• Brief: All lines between the start of the listing below and the line containing "(simp add: c_def)", inclusive, must be repeated exactly.

+---+

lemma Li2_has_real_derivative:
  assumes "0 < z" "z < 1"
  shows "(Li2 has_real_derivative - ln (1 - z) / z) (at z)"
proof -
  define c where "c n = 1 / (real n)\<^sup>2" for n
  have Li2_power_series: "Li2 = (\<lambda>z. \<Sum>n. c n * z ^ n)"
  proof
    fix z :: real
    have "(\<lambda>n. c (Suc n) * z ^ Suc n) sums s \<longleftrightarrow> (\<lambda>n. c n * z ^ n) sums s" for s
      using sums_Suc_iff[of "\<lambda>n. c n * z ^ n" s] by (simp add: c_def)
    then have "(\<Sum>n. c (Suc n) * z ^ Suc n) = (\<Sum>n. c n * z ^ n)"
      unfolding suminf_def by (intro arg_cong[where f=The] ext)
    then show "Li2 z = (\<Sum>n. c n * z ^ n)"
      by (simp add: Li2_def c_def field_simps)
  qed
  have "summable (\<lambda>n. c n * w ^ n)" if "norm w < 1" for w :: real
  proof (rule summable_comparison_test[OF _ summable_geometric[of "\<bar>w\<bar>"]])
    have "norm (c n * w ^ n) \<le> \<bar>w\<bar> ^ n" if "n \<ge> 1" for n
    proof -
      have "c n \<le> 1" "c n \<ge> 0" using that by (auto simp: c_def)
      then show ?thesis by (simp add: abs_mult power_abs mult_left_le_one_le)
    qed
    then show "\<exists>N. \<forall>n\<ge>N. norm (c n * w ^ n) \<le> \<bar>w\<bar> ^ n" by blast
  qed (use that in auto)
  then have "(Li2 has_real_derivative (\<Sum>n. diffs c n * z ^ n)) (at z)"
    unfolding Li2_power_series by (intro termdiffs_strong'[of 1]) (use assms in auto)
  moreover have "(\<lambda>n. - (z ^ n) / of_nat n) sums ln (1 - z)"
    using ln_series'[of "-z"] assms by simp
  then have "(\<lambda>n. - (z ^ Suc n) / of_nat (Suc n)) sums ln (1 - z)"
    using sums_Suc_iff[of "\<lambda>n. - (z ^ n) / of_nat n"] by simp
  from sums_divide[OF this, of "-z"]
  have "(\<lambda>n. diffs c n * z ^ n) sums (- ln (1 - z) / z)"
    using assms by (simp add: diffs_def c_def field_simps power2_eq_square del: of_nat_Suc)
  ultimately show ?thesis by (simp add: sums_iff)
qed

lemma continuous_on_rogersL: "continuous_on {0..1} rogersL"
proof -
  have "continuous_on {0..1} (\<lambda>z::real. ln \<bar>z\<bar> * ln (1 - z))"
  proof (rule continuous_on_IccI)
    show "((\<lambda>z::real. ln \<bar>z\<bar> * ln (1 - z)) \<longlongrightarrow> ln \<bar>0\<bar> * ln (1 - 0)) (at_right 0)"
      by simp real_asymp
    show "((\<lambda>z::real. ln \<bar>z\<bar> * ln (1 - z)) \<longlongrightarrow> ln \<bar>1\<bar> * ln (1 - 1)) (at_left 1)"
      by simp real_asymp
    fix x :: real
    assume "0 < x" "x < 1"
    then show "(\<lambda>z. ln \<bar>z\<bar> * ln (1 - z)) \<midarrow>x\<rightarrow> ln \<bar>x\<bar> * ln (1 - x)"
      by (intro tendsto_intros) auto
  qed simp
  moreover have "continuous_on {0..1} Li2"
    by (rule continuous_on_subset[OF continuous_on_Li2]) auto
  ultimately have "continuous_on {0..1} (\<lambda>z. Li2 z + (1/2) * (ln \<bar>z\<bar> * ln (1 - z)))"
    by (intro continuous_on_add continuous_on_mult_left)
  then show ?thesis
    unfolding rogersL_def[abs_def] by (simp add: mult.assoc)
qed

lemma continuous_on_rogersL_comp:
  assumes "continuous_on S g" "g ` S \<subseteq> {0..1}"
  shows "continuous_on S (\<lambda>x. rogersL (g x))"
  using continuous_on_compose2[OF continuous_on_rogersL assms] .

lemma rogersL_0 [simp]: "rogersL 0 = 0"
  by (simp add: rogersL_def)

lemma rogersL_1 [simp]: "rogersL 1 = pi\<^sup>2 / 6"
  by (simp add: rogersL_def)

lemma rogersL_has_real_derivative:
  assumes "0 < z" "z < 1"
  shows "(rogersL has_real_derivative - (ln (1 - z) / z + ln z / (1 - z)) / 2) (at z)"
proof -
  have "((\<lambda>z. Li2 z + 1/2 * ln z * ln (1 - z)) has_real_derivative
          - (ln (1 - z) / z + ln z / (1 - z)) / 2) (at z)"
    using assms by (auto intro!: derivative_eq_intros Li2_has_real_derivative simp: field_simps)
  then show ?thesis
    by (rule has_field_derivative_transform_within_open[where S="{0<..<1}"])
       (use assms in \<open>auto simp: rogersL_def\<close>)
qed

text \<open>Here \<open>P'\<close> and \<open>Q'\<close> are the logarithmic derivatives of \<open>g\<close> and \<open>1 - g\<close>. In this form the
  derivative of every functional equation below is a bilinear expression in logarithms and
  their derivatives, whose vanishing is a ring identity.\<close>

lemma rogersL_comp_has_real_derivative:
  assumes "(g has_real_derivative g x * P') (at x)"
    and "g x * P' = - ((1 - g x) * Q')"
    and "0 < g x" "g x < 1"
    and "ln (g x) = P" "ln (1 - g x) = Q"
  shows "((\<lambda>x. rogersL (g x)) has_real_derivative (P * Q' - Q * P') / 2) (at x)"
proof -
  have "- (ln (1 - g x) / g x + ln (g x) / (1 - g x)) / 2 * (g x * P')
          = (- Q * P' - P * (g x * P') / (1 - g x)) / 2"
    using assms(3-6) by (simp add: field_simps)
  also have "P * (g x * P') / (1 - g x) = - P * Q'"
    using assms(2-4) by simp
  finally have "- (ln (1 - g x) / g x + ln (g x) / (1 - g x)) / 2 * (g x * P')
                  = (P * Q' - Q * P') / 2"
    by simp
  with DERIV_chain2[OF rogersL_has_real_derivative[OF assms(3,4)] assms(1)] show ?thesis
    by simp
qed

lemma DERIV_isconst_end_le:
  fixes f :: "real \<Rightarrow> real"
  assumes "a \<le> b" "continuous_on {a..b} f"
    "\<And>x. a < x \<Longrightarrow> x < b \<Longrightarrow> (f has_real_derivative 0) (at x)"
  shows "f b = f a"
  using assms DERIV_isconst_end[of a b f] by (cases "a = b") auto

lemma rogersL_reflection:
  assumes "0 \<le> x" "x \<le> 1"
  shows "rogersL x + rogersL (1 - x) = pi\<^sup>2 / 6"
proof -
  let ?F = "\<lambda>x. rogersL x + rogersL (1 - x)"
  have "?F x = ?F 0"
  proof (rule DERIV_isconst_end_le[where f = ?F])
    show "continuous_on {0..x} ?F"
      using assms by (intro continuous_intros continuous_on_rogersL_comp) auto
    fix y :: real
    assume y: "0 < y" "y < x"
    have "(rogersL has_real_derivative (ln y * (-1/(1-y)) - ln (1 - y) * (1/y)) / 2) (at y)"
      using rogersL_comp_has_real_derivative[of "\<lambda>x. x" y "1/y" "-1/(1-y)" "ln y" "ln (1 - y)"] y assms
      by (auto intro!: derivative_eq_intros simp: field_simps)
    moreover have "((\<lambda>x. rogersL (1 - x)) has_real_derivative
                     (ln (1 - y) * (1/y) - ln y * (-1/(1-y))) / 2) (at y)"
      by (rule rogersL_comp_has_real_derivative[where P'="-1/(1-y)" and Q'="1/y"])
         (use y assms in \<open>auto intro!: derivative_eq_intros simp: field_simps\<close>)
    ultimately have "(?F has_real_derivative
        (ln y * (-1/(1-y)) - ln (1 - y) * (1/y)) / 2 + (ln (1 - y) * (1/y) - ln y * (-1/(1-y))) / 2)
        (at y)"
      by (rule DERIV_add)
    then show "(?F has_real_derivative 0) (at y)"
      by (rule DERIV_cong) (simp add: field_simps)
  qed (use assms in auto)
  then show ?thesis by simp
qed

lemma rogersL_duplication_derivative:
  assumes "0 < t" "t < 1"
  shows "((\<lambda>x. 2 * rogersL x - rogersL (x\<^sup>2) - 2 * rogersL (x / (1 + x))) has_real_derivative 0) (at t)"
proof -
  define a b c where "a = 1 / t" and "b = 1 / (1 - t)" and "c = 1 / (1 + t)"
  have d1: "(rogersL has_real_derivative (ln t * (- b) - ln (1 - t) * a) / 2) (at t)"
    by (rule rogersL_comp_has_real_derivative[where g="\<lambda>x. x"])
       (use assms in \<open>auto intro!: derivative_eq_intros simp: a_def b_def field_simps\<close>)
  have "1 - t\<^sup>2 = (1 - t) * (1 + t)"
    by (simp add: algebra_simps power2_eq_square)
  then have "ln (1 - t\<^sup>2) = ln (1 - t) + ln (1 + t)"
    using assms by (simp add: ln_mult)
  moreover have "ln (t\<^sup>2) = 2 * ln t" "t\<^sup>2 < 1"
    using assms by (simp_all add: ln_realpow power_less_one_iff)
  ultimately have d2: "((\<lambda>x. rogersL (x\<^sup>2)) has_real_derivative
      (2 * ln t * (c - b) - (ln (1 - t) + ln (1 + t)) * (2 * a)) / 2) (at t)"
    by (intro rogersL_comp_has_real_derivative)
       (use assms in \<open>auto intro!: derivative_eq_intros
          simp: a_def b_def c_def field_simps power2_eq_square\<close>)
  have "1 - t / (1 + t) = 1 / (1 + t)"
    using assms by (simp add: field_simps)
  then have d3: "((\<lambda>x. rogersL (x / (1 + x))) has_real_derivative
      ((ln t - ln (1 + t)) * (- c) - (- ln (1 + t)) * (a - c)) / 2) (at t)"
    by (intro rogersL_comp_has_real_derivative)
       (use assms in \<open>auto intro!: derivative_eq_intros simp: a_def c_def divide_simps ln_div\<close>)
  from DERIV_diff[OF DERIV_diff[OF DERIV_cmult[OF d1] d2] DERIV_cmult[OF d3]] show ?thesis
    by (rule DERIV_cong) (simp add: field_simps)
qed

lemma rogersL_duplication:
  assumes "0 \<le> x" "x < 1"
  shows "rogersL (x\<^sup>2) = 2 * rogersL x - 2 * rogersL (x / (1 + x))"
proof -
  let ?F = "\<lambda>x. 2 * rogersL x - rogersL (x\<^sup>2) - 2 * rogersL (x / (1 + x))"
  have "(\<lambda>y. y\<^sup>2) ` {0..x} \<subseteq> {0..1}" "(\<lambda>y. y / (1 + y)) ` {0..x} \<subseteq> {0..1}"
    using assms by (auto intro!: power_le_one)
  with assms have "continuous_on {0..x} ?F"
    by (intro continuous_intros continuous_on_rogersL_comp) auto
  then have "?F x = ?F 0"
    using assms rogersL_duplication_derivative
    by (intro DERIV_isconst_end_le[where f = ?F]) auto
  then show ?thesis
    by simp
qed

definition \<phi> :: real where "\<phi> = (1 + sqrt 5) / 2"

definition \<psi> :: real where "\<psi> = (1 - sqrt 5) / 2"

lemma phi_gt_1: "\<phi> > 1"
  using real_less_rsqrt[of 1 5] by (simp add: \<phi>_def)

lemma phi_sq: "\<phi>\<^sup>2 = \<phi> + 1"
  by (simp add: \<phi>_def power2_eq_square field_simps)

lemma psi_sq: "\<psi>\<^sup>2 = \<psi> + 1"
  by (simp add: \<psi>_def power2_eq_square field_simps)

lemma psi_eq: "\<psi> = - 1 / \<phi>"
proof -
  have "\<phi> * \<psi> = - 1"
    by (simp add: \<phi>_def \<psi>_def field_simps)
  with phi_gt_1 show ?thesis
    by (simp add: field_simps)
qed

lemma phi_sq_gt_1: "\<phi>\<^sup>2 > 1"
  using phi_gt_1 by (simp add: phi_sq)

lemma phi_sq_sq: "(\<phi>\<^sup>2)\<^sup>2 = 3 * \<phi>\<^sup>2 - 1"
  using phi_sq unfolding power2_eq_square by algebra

+---+

• Answer to this exercise:
lemma Li2_has_real_derivative:
  assumes "0 < z" "z < 1"
  shows "(Li2 has_real_derivative - ln (1 - z) / z) (at z)"
proof -
  define c where "c n = 1 / (real n)\<^sup>2" for n
  have Li2_power_series: "Li2 = (\<lambda>z. \<Sum>n. c n * z ^ n)"
  proof
    fix z :: real
    have "(\<lambda>n. c (Suc n) * z ^ Suc n) sums s \<longleftrightarrow> (\<lambda>n. c n * z ^ n) sums s" for s
      using sums_Suc_iff[of "\<lambda>n. c n * z ^ n" s] by (simp add: c_def)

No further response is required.